P. Karl Zander (+1988) erzählte mir aus der Zeit vor dem letzten Weltkriege, als er im Norddeutschen Raum Priester- und Schwesternkonferenzen von Hamburg aus zu halten hatte, während P. Kugelmeier Oberer des Hauses war. P. Kugelmeier habe die Gewohnheit gehabt, seine Zimmertür nie ganz zu schließen. Sobald er hörte, daß P. Zander von solchen Konferenzen zurückkehrend das Haus betrat, rief er ihn, so wie er war, zu sich und wollte alles ganz genau wissen, was P. Zander erlebt, gesehen hatte; wie alles verlaufen sei, wen er getroffen und gesprochen habe usw. Die "offene Tür" eines Hausobern und ein waches Interesse für die Mitbrüder und alles Geschehen sind ja etwas Wohltuendes. Das erinnert an den hl. Ignatius, der sich für jeden seiner Hausgenossen des römischen Hauses interessierte und über alles unterrichtet sein wollte und der scherzend geäußert habe: "Ich möchte sogar wissen, wie viele Flöhe des Nachts die Meinen plagen". Leider weiß ich kaum etwas über jene bewegten Jahre in Hamburg und Lübeck - vor, während und nach dem Kriege - in denen P. Kugelmeier vielen Menschen begegnete. Er half, riet und tröstete in den oft sehr bedrückenden Situationen. So stand er auch mit den 'Lübecker Märtyrern' in Verbindung. Bis zu seinem Tode pflegte er eine Vielzahl dieser persönlichen Beziehungen im norddeutschen Raum und wenn ein Anlaß es gebot, fuhr er auch von Kloster Nette dorthin.

Einen weiteren umfangreichen Bereich in P. Kugelmeiers Leben und Wirken stellen die 18 Jahre seiner Tätigkeit als Spiritual im Priesterseminar Frankfurt - St.
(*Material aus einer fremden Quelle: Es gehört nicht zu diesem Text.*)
text \<open>Agents are 1..n. A profile in R^n_+ is modelled as a function nat => real that is
  nonnegative on {1..n} and zero outside {1..n}.\<close>

definition dom_D :: "nat \<Rightarrow> (nat \<Rightarrow> real) set" where
  "dom_D n = {e. (\<forall>i\<in>{1..n}. 0 \<le> e i) \<and> (\<forall>i. i \<notin> {1..n} \<longrightarrow> e i = 0)}"

definition is_allocation :: "nat \<Rightarrow> (nat \<Rightarrow> real) \<Rightarrow> (nat \<Rightarrow> real) \<Rightarrow> bool" where
  "is_allocation n e x \<longleftrightarrow>
     (\<forall>i\<in>{1..n}. 0 \<le> x i) \<and>
     (\<Sum>i=1..n. x i) = (\<Sum>i=1..n. e i) \<and>
     (\<forall>k\<in>{1..n-1}. (\<Sum>i=1..k. x i) \<le> (\<Sum>i=1..k. e i))"

definition is_rule :: "nat \<Rightarrow> ((nat \<Rightarrow> real) \<Rightarrow> (nat \<Rightarrow> real)) \<Rightarrow> bool" where
  "is_rule n R \<longleftrightarrow> (\<forall>e\<in>dom_D n. is_allocation n e (R e))"

definition scale_invariance :: "nat \<Rightarrow> ((nat \<Rightarrow> real) \<Rightarrow> (nat \<Rightarrow> real)) \<Rightarrow> bool" where
  "scale_invariance n R \<longleftrightarrow>
     (\<forall>e\<in>dom_D n. \<forall>\<gamma>::real. 0 \<le> \<gamma> \<longrightarrow>
        (\<forall>i\<in>{1..n}. R (\<lambda>j. \<gamma> * e j) i = \<gamma> * R e i))"

definition upstream_invariance :: "nat \<Rightarrow> ((nat \<Rightarrow> real) \<Rightarrow> (nat \<Rightarrow> real)) \<Rightarrow> bool" where
  "upstream_invariance n R \<longleftrightarrow>
     (\<forall>e\<in>dom_D n. \<forall>e'\<in>dom_D n. \<forall>i\<in>{1..n}.
        e i < e' i \<and> (\<forall>j\<in>{1..n}. j \<noteq> i \<longrightarrow> e j = e' j) \<longrightarrow>
        (\<forall>k\<in>{1..n}. k < i \<longrightarrow> R e k = R e' k))"

definition downstream_impartiality :: "nat \<Rightarrow> ((nat \<Rightarrow> real) \<Rightarrow> (nat \<Rightarrow> real)) \<Rightarrow> bool" where
  "downstream_impartiality n R \<longleftrightarrow>
     (\<forall>e\<in>dom_D n. \<forall>e'\<in>dom_D n. \<forall>i\<in>{1..n}.
        e i < e' i \<and> (\<forall>j\<in>{1..n}. j \<noteq> i \<longrightarrow> e j = e' j) \<longrightarrow>
        (\<forall>k\<in>{1..n}. \<forall>l\<in>{1..n}. i < k \<and> i < l \<and> e k = e l \<longrightarrow>
           R e' k - R e k = R e' l - R e l))"

end

theory Submission
  imports Defs
begin

text \<open>Let \<open>\<alpha>\<^sub>k\<close> be the share agent \<open>k\<close> keeps of a unit inflow at \<open>k\<close>. By upstream invariance
  \<open>R\<^sub>i(e)\<close> depends only on \<open>e\<^sub>1, \<dots>, e\<^sub>i\<close>, so we may replace \<open>e\<close> by the profile \<open>w\<close> that
  agrees with \<open>e\<close> up to \<open>i\<close> and equals \<open>e\<^sub>i\<close> further downstream, and compare it with
  \<open>p\<close>, which is \<open>e\<^sub>i\<close> from \<open>i\<close> on and zero before; scale invariance gives
  \<open>R\<^sub>i(p) = \<alpha>\<^sub>i e\<^sub>i\<close>. Passing from \<open>p\<close> to \<open>w\<close> one upstream coordinate at a time,
  downstream impartiality makes all agents \<open>i, \<dots>, n\<close> gain the same amount, so by budget
  balance each receives a \<open>1/(n - i + 1)\<close> part of what agents \<open>1, \<dots>, i - 1\<close> pass on
  in \<open>w\<close>; strong induction on \<open>i\<close> then yields the formula. Conversely, rules of this form
  are linear, \<open>R\<^sub>i\<close> involves only \<open>e\<^sub>1, \<dots>, e\<^sub>i\<close>, and a change of \<open>e\<^sub>k\<close> moves every
  downstream share by the same amount.\<close>

lemma dom_D_outside: "e \<in> dom_D n \<Longrightarrow> j \<notin> {1..n} \<Longrightarrow> e j = 0"
  unfolding dom_D_def by auto

lemma dom_D_nonneg: "e \<in> dom_D n \<Longrightarrow> 0 \<le> e j"
  unfolding dom_D_def by (cases "j \<in> {1..n}") auto

lemma dom_D_eqI: "e \<in> dom_D n \<Longrightarrow> e' \<in> dom_D n \<Longrightarrow> \<forall>j\<in>{1..n}. e j = e' j \<Longrightarrow> e = e'"
  by (rule ext) (metis dom_D_outside)

text \<open>The profiles between \<open>e\<close> and \<open>e'\<close> are visited by switching the coordinates in \<open>J\<close>
  one at a time, so \<open>step\<close> may assume that its argument \<open>x\<close> still agrees with \<open>e\<close> outside \<open>J\<close>.\<close>

lemma dom_D_coordinatewise_invariant:
  fixes f :: "(nat \<Rightarrow> real) \<Rightarrow> 'a"
  assumes e: "e \<in> dom_D n" and e': "e' \<in> dom_D n"
    and agree: "\<forall>j\<in>{1..n}. j \<notin> J \<longrightarrow> e j = e' j"
    and step: "\<And>x y j. x \<in> dom_D n \<Longrightarrow> y \<in> dom_D n \<Longrightarrow> j \<in> J \<Longrightarrow> j \<in> {1..n} \<Longrightarrow>
      \<forall>l\<in>{1..n}. l \<noteq> j \<longrightarrow> x l = y l \<Longrightarrow> \<forall>l\<in>{1..n}. l \<notin> J \<longrightarrow> x l = e l \<Longrightarrow> f x = f y"
  shows "f e = f e'"
proof -
  define g where "g m = (\<lambda>j. if j \<in> {1..m} then e' j else e j)" for m
  have g_dom: "g m \<in> dom_D n" for m
    using e e' unfolding g_def dom_D_def by auto
  have g_Suc: "g (Suc m) = (g m)(Suc m := e' (Suc m))" for m
    by (auto simp: g_def)
  have "f e = f (g m)" for m
  proof (induction m)
    case 0
    show ?case by (simp add: g_def)
  next
    case (Suc m)
    show ?case
    proof (cases "Suc m \<in> J \<and> Suc m \<le> n")
      case True
      have "f (g m) = f (g (Suc m))"
      proof (rule step[OF g_dom g_dom])
        show "Suc m \<in> J" "Suc m \<in> {1..n}" using True by auto
        show "\<forall>l\<in>{1..n}. l \<noteq> Suc m \<longrightarrow> g m l = g (Suc m) l" by (simp add: g_Suc)
        show "\<forall>l\<in>{1..n}. l \<notin> J \<longrightarrow> g m l = e l" using agree by (simp add: g_def)
      qed
      with Suc.IH show ?thesis by simp
    next
      case False
      then have "e' (Suc m) = g m (Suc m)"
        using agree dom_D_outside[OF e] dom_D_outside[OF e'] by (auto simp: g_def)
      then have "g (Suc m) = g m" by (simp add: g_Suc)
      with Suc.IH show ?thesis by simp
    qed
  qed
  moreover have "g n = e'"
    by (rule dom_D_eqI[OF g_dom e']) (simp add: g_def)
  ultimately show ?thesis by metis
qed

lemma upstream_invariance_single:
  assumes "upstream_invariance n R" and e: "e \<in> dom_D n" and e': "e' \<in> dom_D n"
    and "i \<in> {1..n}" and agree: "\<forall>j\<in>{1..n}. j \<noteq> i \<longrightarrow> e j = e' j"
    and "k \<in> {1..n}" and "k < i"
  shows "R e k = R e' k"
proof (cases "e i" "e' i" rule: linorder_cases)
  case less
  with assms show ?thesis unfolding upstream_invariance_def by blast
next
  case equal
  with agree have "e = e'" by (metis dom_D_eqI[OF e e'])
  then show ?thesis by simp
next
  case greater
  with assms have "R e' k = R e k" unfolding upstream_invariance_def by (metis (no_types, lifting))
  then show ?thesis by simp
qed

lemma downstream_impartiality_single:
  assumes "downstream_impartiality n R" and e: "e \<in> dom_D n" and e': "e' \<in> dom_D n"
    and "i \<in> {1..n}" and agree: "\<forall>j\<in>{1..n}. j \<noteq> i \<longrightarrow> e j = e' j"
    and "k \<in> {1..n}" "l \<in> {1..n}" "i < k" "i < l" "e k = e l"
  shows "R e' k - R e k = R e' l - R e l"
proof (cases "e i" "e' i" rule: linorder_cases)
  case less
  with assms show ?thesis unfolding downstream_impartiality_def by blast
next
  case equal
  with agree have "e = e'" by (metis dom_D_eqI[OF e e'])
  then show ?thesis by simp
next
  case greater
  have "e' k = e' l" using assms by force
  with greater assms have "R e k - R e' k = R e l - R e' l"
    unfolding downstream_impartiality_def by (metis (no_types, lifting))
  then show ?thesis by simp
qed

lemma upstream_invariance_prefix:
  assumes ui: "upstream_invariance n R" and e: "e \<in> dom_D n" and e': "e' \<in> dom_D n"
    and k: "k \<in> {1..n}" and agree: "\<forall>j\<in>{1..k}. e j = e' j"
  shows "R e k = R e' k"
  using e e'
proof (rule dom_D_coordinatewise_invariant[where J = "{k<..}" and f = "\<lambda>x. R x k"])
  show "\<forall>j\<in>{1..n}. j \<notin> {k<..} \<longrightarrow> e j = e' j" using agree by auto
next
  fix x y j
  assume x: "x \<in> dom_D n" and y: "y \<in> dom_D n" and "j \<in> {k<..}" and j: "j \<in> {1..n}"
    and agree_off: "\<forall>l\<in>{1..n}. l \<noteq> j \<longrightarrow> x l = y l"
  show "R x k = R y k"
    by (rule upstream_invariance_single[OF ui x y j agree_off k]) (use \<open>j \<in> {k<..}\<close> in simp)
qed

lemma downstream_impartiality_equal_gains:
  assumes di: "downstream_impartiality n R" and p: "p \<in> dom_D n" and w: "w \<in> dom_D n"
    and i: "i \<in> {1..n}" and flat: "\<forall>l\<in>{i..n}. p l = c \<and> w l = c" and l: "l \<in> {i..n}"
  shows "R w l - R p l = R w i - R p i"
proof -
  have "R p l - R p i = R w l - R w i"
    using p w
  proof (rule dom_D_coordinatewise_invariant[where J = "{..<i}" and f = "\<lambda>x. R x l - R x i"])
    show "\<forall>j\<in>{1..n}. j \<notin> {..<i} \<longrightarrow> p j = w j" using flat by auto
  next
    fix x y j
    assume x: "x \<in> dom_D n" and y: "y \<in> dom_D n" and "j \<in> {..<i}" and j: "j \<in> {1..n}"
      and agree_off: "\<forall>l\<in>{1..n}. l \<noteq> j \<longrightarrow> x l = y l"
      and x_flat: "\<forall>l\<in>{1..n}. l \<notin> {..<i} \<longrightarrow> x l = p l"
    have "x l = x i" using x_flat flat i l by simp
    then have "R y l - R x l = R y i - R x i"
      using downstream_impartiality_single[OF di x y j agree_off] i l \<open>j \<in> {..<i}\<close> by simp
    then show "R x l - R x i = R y l - R y i" by simp
  qed
  then show ?thesis by simp
qed

text \<open>Agents \<open>i, \<dots>, n\<close> gain equally when passing from \<open>p\<close> to \<open>w\<close>, and by budget balance
  their total gain is what the agents upstream of \<open>i\<close> hand on.\<close>

lemma excess_shared_downstream:
  assumes rule: "is_rule n R" and di: "downstream_impartiality n R"
    and p: "p \<in> dom_D n" and w: "w \<in> dom_D n" and i: "i \<in> {1..n}"
    and flat: "\<forall>l\<in>{i..n}. p l = c \<and> w l = c"
  shows "(real n + 1 - real i) * (R w i - R p i) = (\<Sum>l\<in>{1..<i}. (w l - R w l) - (p l - R p l))"
proof -
  have split: "(\<Sum>l\<in>{1..n}. f l) = (\<Sum>l\<in>{1..<i}. f l) + (\<Sum>l\<in>{i..n}. f l)" for f :: "nat \<Rightarrow> real"
  proof -
    have "{1..n} = {1..<i} \<union> {i..n}" using i by auto
    moreover have "{1..<i} \<inter> {i..n} = {}" by auto
    ultimately show ?thesis by (simp add: sum.union_disjoint)
  qed
  have budget: "(\<Sum>l\<in>{1..n}. R x l) = (\<Sum>l\<in>{1..n}. x l)" if "x \<in> dom_D n" for x
    using rule that unfolding is_rule_def is_allocation_def by blast
  have gain: "R w l = R p l + (R w i - R p i)" if "l \<in> {i..n}" for l
    using downstream_impartiality_equal_gains[OF di p w i flat that] by simp
  have "(\<Sum>l\<in>{i..n}. R w l) = (\<Sum>l\<in>{i..n}. R p l + (R w i - R p i))"
    by (rule sum.cong[OF refl gain])
  also have "\<dots> = (\<Sum>l\<in>{i..n}. R p l) + (real n + 1 - real i) * (R w i - R p i)"
    using i by (simp add: sum.distrib of_nat_diff)
  finally have downstream: "(\<Sum>l\<in>{i..n}. R w l) = (\<Sum>l\<in>{i..n}. R p l) + (real n + 1 - real i) * (R w i - R p i)" .
  have "(\<Sum>l\<in>{i..n}. w l) = (\<Sum>l\<in>{i..n}. p l)"
    using flat by (intro sum.cong) auto
  with downstream budget[OF w] budget[OF p] split[of "R w"] split[of w] split[of "R p"] split[of p]
  show ?thesis unfolding sum_subtractf by linarith
qed

definition upstream_transfer :: "nat \<Rightarrow> (nat \<Rightarrow> real) \<Rightarrow> (nat \<Rightarrow> real) \<Rightarrow> nat \<Rightarrow> real" where
  "upstream_transfer n \<alpha> e i = (\<Sum>k\<in>{1..<i}. (1 - \<alpha> k) * e k / (real n - real k))"

lemma upstream_transfer_cong:
  "\<forall>k\<in>{1..<i}. e k = e' k \<Longrightarrow> upstream_transfer n \<alpha> e i = upstream_transfer n \<alpha> e' i"
  unfolding upstream_transfer_def by (intro sum.cong) auto

lemma upstream_transfer_scale:
  "upstream_transfer n \<alpha> (\<lambda>j. \<gamma> * e j) i = \<gamma> * upstream_transfer n \<alpha> e i"
  unfolding upstream_transfer_def by (simp add: sum_distrib_left algebra_simps)

lemma upstream_transfer_single_change:
  assumes agree: "\<forall>j. j \<noteq> i \<longrightarrow> e j = e' j" and "1 \<le> i" "i < m"
  shows "upstream_transfer n \<alpha> e' m - upstream_transfer n \<alpha> e m = (1 - \<alpha> i) * (e' i - e i) / (real n - real i)"
proof -
  have "upstream_transfer n \<alpha> e' m - upstream_transfer n \<alpha> e m
      = (\<Sum>k\<in>{1..<m}. if k = i then (1 - \<alpha> i) * (e' i - e i) / (real n - real i) else 0)"
    unfolding upstream_transfer_def sum_subtractf[symmetric]
    using agree by (intro sum.cong) (auto simp: diff_divide_distrib right_diff_distrib)
  then show ?thesis using assms by simp
qed

lemma sum_weighted_minus_partial_sums:
  fixes t :: "nat \<Rightarrow> real"
  shows "(\<Sum>l\<in>{1..<i}. (real n - real l) * t l - (\<Sum>k\<in>{1..<l}. t k))
    = (real n + 1 - real i) * (\<Sum>k\<in>{1..<i}. t k)"
proof (induction i)
  case (Suc i)
  then show ?case by (cases "i = 0") (simp_all add: algebra_simps)
qed simp

definition transfer_form ::
    "nat \<Rightarrow> ((nat \<Rightarrow> real) \<Rightarrow> nat \<Rightarrow> real) \<Rightarrow> (nat \<Rightarrow> real) \<Rightarrow> (nat \<Rightarrow> real) \<Rightarrow> bool" where
  "transfer_form n R \<beta> \<alpha> \<longleftrightarrow>
     (\<forall>e\<in>dom_D n. \<forall>i\<in>{1..n}. R e i = \<beta> i * e i + upstream_transfer n \<alpha> e i)"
Georgen dar. Verständlicherweise läßt sich darüber wenig Konkretes sagen, aber bezeichnend dürften doch viele Beziehungen sein, die aus dieser Zeit stammten und die durch die Jahre aufrechtgehalten wurden. Wie mir Betroffene berichteten, scheint P. Kugelmeier besonders in den Anfängen seiner Spiritualstätigkeit ein 'strenges Regiment' geführt zu haben. Im Laufe der Jahre gesellte sich zur Weisheit des Alters auch dessen Milde.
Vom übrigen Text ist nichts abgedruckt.